▶ _DATA LISTING_
lemma polytope_heights: "polytope {x. \<forall>j. x \<bullet> v j \<le> h $ j}"
proof -
  obtain B where "\<And>h x. (\<And>j. x \<bullet> v j \<le> h $ j) \<Longrightarrow> norm x \<le> B * norm h"
    by (rule norm_le_if_inner_rays_le[OF positively_spanning]) blast
  then have "bounded {x. \<forall>j. x \<bullet> v j \<le> h $ j}"
    unfolding bounded_iff by blast
  moreover have "{x. \<forall>j. x \<bullet> v j \<le> h $ j} = (\<Inter>j. {x. v j \<bullet> x \<le> h $ j})"
    by (auto simp: inner_commute)
  then have "polyhedron {x. \<forall>j. x \<bullet> v j \<le> h $ j}"
    by (auto intro: polyhedron_Inter polyhedron_halfspace_le)
  ultimately show ?thesis
    by (simp add: polytope_eq_bounded_polyhedron)
qed

lemma support_fn_heights_on_cone:
  assumes "\<tau> \<in> \<Delta>" "u \<in> \<tau>" and x: "\<forall>j. x \<bullet> v j \<le> h $ j" "\<And>j. v j \<in> \<tau> \<Longrightarrow> x \<bullet> v j = h $ j"
  shows "support_fn {x. \<forall>j. x \<bullet> v j \<le> h $ j} u = x \<bullet> u"
proof (rule support_fn_eqI)
  let ?c = "cone_coords v \<tau>"
  have c: "cone_coordinates v \<tau> ?c"
    using assms(1) by (rule cone_coordinates_cone_coords)
  fix y assume "y \<in> {x. \<forall>j. x \<bullet> v j \<le> h $ j}"
  have "y \<bullet> u = (\<Sum>j\<in>UNIV. ?c j u * (y \<bullet> v j))"
    using c assms(2) by (rule cone_coordinates_inner) simp
  also have "\<dots> \<le> (\<Sum>j\<in>UNIV. ?c j u * h $ j)"
    using \<open>y \<in> _\<close> cone_coordinates_nonneg[OF c assms(2)] by (intro sum_mono mult_left_mono) auto
  also have "\<dots> = x \<bullet> u"
    using c assms(2) x(2) by (rule cone_coordinates_inner[symmetric])
  finally show "y \<bullet> u \<le> x \<bullet> u" .
qed (use x in simp)

lemma deformation_heights_imp_support_vector:
  assumes h: "h \<in> deformation_heights \<Delta> v"
  shows "\<exists>P\<in>deformation_cone \<Delta>. support_vector v P = h"
proof -
  define P where "P = {x. \<forall>j. x \<bullet> v j \<le> h $ j}"
  have witness: "\<exists>x. (\<forall>j. x \<bullet> v j \<le> h $ j) \<and> (\<forall>j. v j \<in> \<tau> \<longrightarrow> x \<bullet> v j = h $ j)"
    if "\<tau> \<in> \<Delta>" for \<tau>
    using h that unfolding deformation_heights_def by blast
  have "P \<noteq> {}"
    using witness[OF ray_cone_mem] unfolding P_def by blast
  have "support_fn P (v j) = h $ j" for j
  proof -
    have vj: "v j \<in> pos_hull {v j}"
      using scaleR_mem_pos_hull[of "{v j}" "v j" 1] by simp
    obtain x where x: "\<forall>i. x \<bullet> v i \<le> h $ i" "\<forall>i. v i \<in> pos_hull {v j} \<longrightarrow> x \<bullet> v i = h $ i"
      using witness[OF ray_cone_mem] by blast
    have "support_fn P (v j) = x \<bullet> v j"
      unfolding P_def using ray_cone_mem vj x(1) by (rule support_fn_heights_on_cone) (use x(2) in blast)
    also have "\<dots> = h $ j"
      using x(2) vj by blast
    finally show ?thesis .
  qed
  then have "support_vector v P = h"
    by (simp add: support_vector_def vec_eq_iff)
  moreover have "coarsened_by (normal_fan P) \<Delta>"
    unfolding coarsened_by_def
  proof
    fix \<tau> assume "\<tau> \<in> \<Delta>"
    then obtain x where x: "\<forall>j. x \<bullet> v j \<le> h $ j" "\<And>j. v j \<in> \<tau> \<Longrightarrow> x \<bullet> v j = h $ j"
      using witness by blast
    have "\<tau> \<noteq> {}"
      using \<open>\<tau> \<in> \<Delta>\<close> zero_mem_normal_cone[OF Q_nonempty] unfolding fan_eq normal_fan_def by blast
    moreover have "x \<in> P"
      using x(1) by (simp add: P_def)
    ultimately show "\<exists>\<sigma>\<in>normal_fan P. \<tau> \<subseteq> \<sigma>"
      unfolding P_def using support_fn_heights_on_cone[OF \<open>\<tau> \<in> \<Delta>\<close> _ x] polytope_heights
      by (intro subset_normal_fan_cone) auto
  qed
  ultimately show ?thesis
    using polytope_heights \<open>P \<noteq> {}\<close> unfolding deformation_cone_def P_def by blast
qed

lemma support_vectors_eq_deformation_heights:
  "support_vector v ` deformation_cone \<Delta> = deformation_heights \<Delta> v"
  using support_vector_mem_deformation_heights deformation_heights_imp_support_vector by blast

end

section \<open>The least-squares estimator\<close>

definition design_matrix :: "('m \<Rightarrow> 'n \<Rightarrow> real^'d \<Rightarrow> real) \<Rightarrow> real^'d^'m \<Rightarrow> real^'n^'m" where
  "design_matrix C U = (\<chi> i j. C i j (U $ i))"

lemma semialgebraic_det_stacked_gram_design_nonzero:
  fixes B :: "real^'n^'k" and C :: "'m::finite \<Rightarrow> 'n \<Rightarrow> real^'d \<Rightarrow> real"
  assumes "\<And>i j. linear (C i j)"
  shows "semialgebraic {U. det (stacked_gram (design_matrix C U) B) \<noteq> 0}"
proof (intro semialgebraic_polyfun_nonzero polyfun_det)
  fix j l
  have "polyfun (\<lambda>U :: real^'d^'m. C i j (U $ i))" for i j
    using assms by (intro polyfun_linear linear_compose[OF bounded_linear.linear[OF bounded_linear_vec_nth], unfolded o_def])
  then show "polyfun (\<lambda>U. stacked_gram (design_matrix C U) B $ j $ l)"
    unfolding stacked_gram_def design_matrix_def
    by (simp add: matrix_matrix_mult_def transpose_def)
      (intro polyfun.add polyfun_sum polyfun.mult polyfun.const; simp)
qed

lemma ls_loss_le_iff:
  fixes U :: "real^'d^'m" and A :: "real^'n^'m"
  assumes "\<And>i. support_fn P (U $ i) = (A *v support_vector v P) $ i"
    and "\<And>i. support_fn P' (U $ i) = (A *v support_vector v P') $ i"
  shows "ls_loss U y P \<le> ls_loss U y P' \<longleftrightarrow>
    dist (A *v support_vector v P) y \<le> dist (A *v support_vector v P') y"
proof -
  have loss: "ls_loss U y P = dist (A *v support_vector v P) y ^ 2 / CARD('m)"
    if "\<And>i. support_fn P (U $ i) = (A *v support_vector v P) $ i" for P
    unfolding ls_loss_def that dist_norm power2_norm_eq_inner
    by (simp add: inner_vec_def power2_eq_square)
  show ?thesis
    unfolding loss[OF assms(1)] loss[OF assms(2)]
    by (simp add: divide_le_cancel power_mono_iff)
qed

lemma lse_eq_nearest:
  fixes U :: "real^'d^'m" and A :: "real^'n^'m" and v :: "'n::finite \<Rightarrow> real^'d"
  assumes "\<And>P i. P \<in> deformation_cone \<Delta> \<Longrightarrow> support_fn P (U $ i) = (A *v support_vector v P) $ i"
  shows "lse \<Delta> v U y = {h \<in> support_vector v ` deformation_cone \<Delta>.
    \<forall>h'\<in>support_vector v ` deformation_cone \<Delta>. dist (A *v h) y \<le> dist (A *v h') y}"
  unfolding lse_def using ls_loss_le_iff[OF assms assms] by blast

lemma unique_lse_iff_det:
  fixes U :: "real^'d^'m" and v :: "'n::finite \<Rightarrow> real^'d" and B :: "real^'n^'n"
  assumes "simplicial_normal_fan Q \<Delta> v"
    and kernel: "span (support_vector v ` deformation_cone \<Delta>) = {z. B *v z = 0}"
    and cones: "\<And>i. c i \<in> \<Delta>" "\<And>i. U $ i \<in> c i"
  shows "(\<forall>y. card (lse \<Delta> v U y) = 1) \<longleftrightarrow>
    det (stacked_gram (design_matrix (\<lambda>i. cone_coords v (c i)) U) B) \<noteq> 0"
proof -
  interpret simplicial_normal_fan Q \<Delta> v
    by fact
  define A where "A = design_matrix (\<lambda>i. cone_coords v (c i)) U"
  define H where "H = support_vector v ` deformation_cone \<Delta>"
  have "support_fn P (U $ i) = (A *v support_vector v P) $ i" if "P \<in> deformation_cone \<Delta>" for P i
    using support_fn_on_cone[OF that cones(1,2)]
    by (simp add: A_def design_matrix_def matrix_vector_mult_def support_vector_def)
  then have lse: "lse \<Delta> v U y = {h \<in> H. \<forall>h'\<in>H. dist (A *v h) y \<le> dist (A *v h') y}" for y
    unfolding H_def by (rule lse_eq_nearest)
  obtain b where "\<And>h x. (\<And>j. x \<bullet> v j \<le> h $ j) \<Longrightarrow> norm x \<le> b * norm h"
    by (rule norm_le_if_inner_rays_le[OF positively_spanning]) blast
  then have "closed H"
    unfolding H_def support_vectors_eq_deformation_heights by (rule closed_deformation_heights)
  moreover have "convex H" "0 \<in> H"
    unfolding H_def support_vectors_eq_deformation_heights
    by (rule convex_deformation_heights zero_mem_deformation_heights)+
  ultimately have "(\<forall>y. card (lse \<Delta> v U y) = 1) \<longleftrightarrow> inj_on ((*v) A) (span H)"
    unfolding lse by (intro card_nearest_eq_1_iff matrix_vector_mul_linear)
  also have "\<dots> \<longleftrightarrow> (\<forall>z\<in>span H. A *v z = 0 \<longrightarrow> z = 0)"
    by (rule linear_inj_on_iff_eq_0[OF matrix_vector_mul_linear subspace_span])
  also have "\<dots> \<longleftrightarrow> (\<forall>z. A *v z = 0 \<and> B *v z = 0 \<longrightarrow> z = 0)"
    using kernel unfolding H_def by auto
  also have "\<dots> \<longleftrightarrow> det (stacked_gram A B) \<noteq> 0"
    by (rule det_stacked_gram_nonzero_iff[symmetric])
  finally show ?thesis
    unfolding A_def .
qed
(* Let $(U,R_1)$ and $(V,R_2)$ be approximation spaces with binary operations $*_1$ on $U$ and $*_2$ on $V$. Equip $U\times V$ with the equivalence relation $R$ given by $(x,y)R(x',y')$ iff $xR_1x'$ and $yR_2y'$, and with the binary operation $(x,y)*(x',y')=(x*_1x',\,y*_2y')$. If $G_1\subseteq U$ and $G_2\subseteq V$ are rough groups, then $G_1\times G_2\subseteq U\times V$ is a rough group in the approximation space $(U\times V,R)$.
   Context: An approximation space is a pair $(U,R)$ with $U$ a set and $R$ an equivalence relation on $U$; for $X\subseteq U$, the upper approximation is $\overline{X}=\bigcup\{[x]_R : [x]_R\cap X\neq\emptyset\}$ and the lower approximation is $\underline{X}=\bigcup\{[x]_R : [x]_R\subseteq X\}$. Given a binary operation (written $xy$) on $U$, a subset $G\subseteq U$ is a rough group if: (1) $xy\in\overline{G}$ for all $x,y\in G$; (2) $(xy)z=x(yz)$ for all $x,y,z\in\overline{G}$; (3) there is $e\in\overline{G}$ with $xe=ex=x$ for all $x\in G$; (4) for every $x\in G$ there is $y\in G$ with $xy=yx=e$. *)

theory Defs
  imports Main
begin

definition approx_space :: "'a set \<Rightarrow> ('a \<times> 'a) set \<Rightarrow> bool" where
  "approx_space U R \<longleftrightarrow> equiv U R"

definition binop_on :: "'a set \<Rightarrow> ('a \<Rightarrow> 'a \<Rightarrow> 'a) \<Rightarrow> bool" where
  "binop_on U f \<longleftrightarrow> (\<forall>x\<in>U. \<forall>y\<in>U. f x y \<in> U)"

definition upper_approx :: "'a set \<Rightarrow> ('a \<times> 'a) set \<Rightarrow> 'a set \<Rightarrow> 'a set" where
  "upper_approx U R X = \<Union>{R `` {x} | x. x \<in> U \<and> R `` {x} \<inter> X \<noteq> {}}"

definition lower_approx :: "'a set \<Rightarrow> ('a \<times> 'a) set \<Rightarrow> 'a set \<Rightarrow> 'a set" where
  "lower_approx U R X = \<Union>{R `` {x} | x. x \<in> U \<and> R `` {x} \<subseteq> X}"

definition rough_group ::
  "'a set \<Rightarrow> ('a \<times> 'a) set \<Rightarrow> ('a \<Rightarrow> 'a \<Rightarrow> 'a) \<Rightarrow> 'a set \<Rightarrow> bool" where
  "rough_group U R f G \<longleftrightarrow>
     G \<subseteq> U \<and>
     (\<forall>x\<in>G. \<forall>y\<in>G. f x y \<in> upper_approx U R G) \<and>
     (\<forall>x\<in>upper_approx U R G. \<forall>y\<in>upper_approx U R G. \<forall>z\<in>upper_approx U R G.
        f (f x y) z = f x (f y z)) \<and>
     (\<exists>e\<in>upper_approx U R G.
        (\<forall>x\<in>G. f x e = x \<and> f e x = x) \<and>
        (\<forall>x\<in>G. \<exists>y\<in>G. f x y = e \<and> f y x = e))"

definition prod_rel :: "('a \<times> 'a) set \<Rightarrow> ('b \<times> 'b) set \<Rightarrow> (('a \<times> 'b) \<times> ('a \<times> 'b)) set" where
  "prod_rel R1 R2 = {((x, y), (x', y')). (x, x') \<in> R1 \<and> (y, y') \<in> R2}"

definition prod_op :: "('a \<Rightarrow> 'a \<Rightarrow> 'a) \<Rightarrow> ('b \<Rightarrow> 'b \<Rightarrow> 'b) \<Rightarrow>
    ('a \<times> 'b) \<Rightarrow> ('a \<times> 'b) \<Rightarrow> ('a \<times> 'b)" where
  "prod_op f1 f2 p q = (f1 (fst p) (fst q), f2 (snd p) (snd q))"

end

theory Submission
  imports Defs
begin

lemma upper_approx_eq:
  "upper_approx U R X = {y. \<exists>x\<in>U. (x, y) \<in> R \<and> (\<exists>g\<in>X. (x, g) \<in> R)}"
  unfolding upper_approx_def by blast

lemma upper_approx_prod_rel:
  "upper_approx (U \<times> V) (prod_rel R1 R2) (G1 \<times> G2) = upper_approx U R1 G1 \<times> upper_approx V R2 G2"
  unfolding upper_approx_eq prod_rel_def by auto

lemma prod_op_Pair [simp]: "prod_op f1 f2 (a, b) (c, d) = (f1 a c, f2 b d)"
  by (simp add: prod_op_def)

text \<open>Since the upper approximation of a product is the product of the upper approximations,
  every axiom is checked componentwise.\<close>
lemma rough_group_prod:
  assumes G1: "rough_group U R1 f1 G1" and G2: "rough_group V R2 f2 G2"
  shows "rough_group (U \<times> V) (prod_rel R1 R2) (prod_op f1 f2) (G1 \<times> G2)"
proof -
  obtain e1 where e1: "e1 \<in> upper_approx U R1 G1" "\<forall>x\<in>G1. f1 x e1 = x \<and> f1 e1 x = x"
      "\<forall>x\<in>G1. \<exists>y\<in>G1. f1 x y = e1 \<and> f1 y x = e1"
    using G1 unfolding rough_group_def by blast
  obtain e2 where e2: "e2 \<in> upper_approx V R2 G2" "\<forall>x\<in>G2. f2 x e2 = x \<and> f2 e2 x = x"
      "\<forall>x\<in>G2. \<exists>y\<in>G2. f2 x y = e2 \<and> f2 y x = e2"
    using G2 unfolding rough_group_def by blast
  have inverses: "\<forall>p\<in>G1 \<times> G2. \<exists>q\<in>G1 \<times> G2.
      prod_op f1 f2 p q = (e1, e2) \<and> prod_op f1 f2 q p = (e1, e2)"
    using e1(3) e2(3) by fastforce
  show ?thesis
    using G1 G2 e1(1,2) e2(1,2) inverses
    unfolding rough_group_def upper_approx_prod_rel
    by (intro conjI bexI[of _ "(e1, e2)"]) auto
qed

theorem mainTheorem4:
  fixes U :: "'a set" and R1 :: "('a \<times> 'a) set" and f1 :: "'a \<Rightarrow> 'a \<Rightarrow> 'a"
    and V :: "'b set" and R2 :: "('b \<times> 'b) set" and f2 :: "'b \<Rightarrow> 'b \<Rightarrow> 'b"
    and G1 :: "'a set" and G2 :: "'b set"
  assumes "approx_space U R1" and "binop_on U f1"
    and "approx_space V R2" and "binop_on V f2"
    and "rough_group U R1 f1 G1" and "rough_group V R2 f2 G2"
  shows "rough_group (U \<times> V) (prod_rel R1 R2) (prod_op f1 f2) (G1 \<times> G2)"
  using assms(5,6) by (rule rough_group_prod)

end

▶ _WHAT YOU NEED TO DO_
In the records above, find the line with "j \<in> pos_hull"; write out exactly that line and each one after it, stopping after the line with "real^'d \<Rightarrow> real)".

▶ _OUTPUT_
    have vj: "v j \<in> pos_hull {v j}"
      using scaleR_mem_pos_hull[of "{v j}" "v j" 1] by simp
    obtain x where x: "\<forall>i. x \<bullet> v i \<le> h $ i" "\<forall>i. v i \<in> pos_hull {v j} \<longrightarrow> x \<bullet> v i = h $ i"
      using witness[OF ray_cone_mem] by blast
    have "support_fn P (v j) = x \<bullet> v j"
      unfolding P_def using ray_cone_mem vj x(1) by (rule support_fn_heights_on_cone) (use x(2) in blast)
    also have "\<dots> = h $ j"
      using x(2) vj by blast
    finally show ?thesis .
  qed
  then have "support_vector v P = h"
    by (simp add: support_vector_def vec_eq_iff)
  moreover have "coarsened_by (normal_fan P) \<Delta>"
    unfolding coarsened_by_def
  proof
    fix \<tau> assume "\<tau> \<in> \<Delta>"
    then obtain x where x: "\<forall>j. x \<bullet> v j \<le> h $ j" "\<And>j. v j \<in> \<tau> \<Longrightarrow> x \<bullet> v j = h $ j"
      using witness by blast
    have "\<tau> \<noteq> {}"
      using \<open>\<tau> \<in> \<Delta>\<close> zero_mem_normal_cone[OF Q_nonempty] unfolding fan_eq normal_fan_def by blast
    moreover have "x \<in> P"
      using x(1) by (simp add: P_def)
    ultimately show "\<exists>\<sigma>\<in>normal_fan P. \<tau> \<subseteq> \<sigma>"
      unfolding P_def using support_fn_heights_on_cone[OF \<open>\<tau> \<in> \<Delta>\<close> _ x] polytope_heights
      by (intro subset_normal_fan_cone) auto
  qed
  ultimately show ?thesis
    using polytope_heights \<open>P \<noteq> {}\<close> unfolding deformation_cone_def P_def by blast
qed

lemma support_vectors_eq_deformation_heights:
  "support_vector v ` deformation_cone \<Delta> = deformation_heights \<Delta> v"
  using support_vector_mem_deformation_heights deformation_heights_imp_support_vector by blast

end

section \<open>The least-squares estimator\<close>

definition design_matrix :: "('m \<Rightarrow> 'n \<Rightarrow> real^'d \<Rightarrow> real) \<Rightarrow> real^'d^'m \<Rightarrow> real^'n^'m" where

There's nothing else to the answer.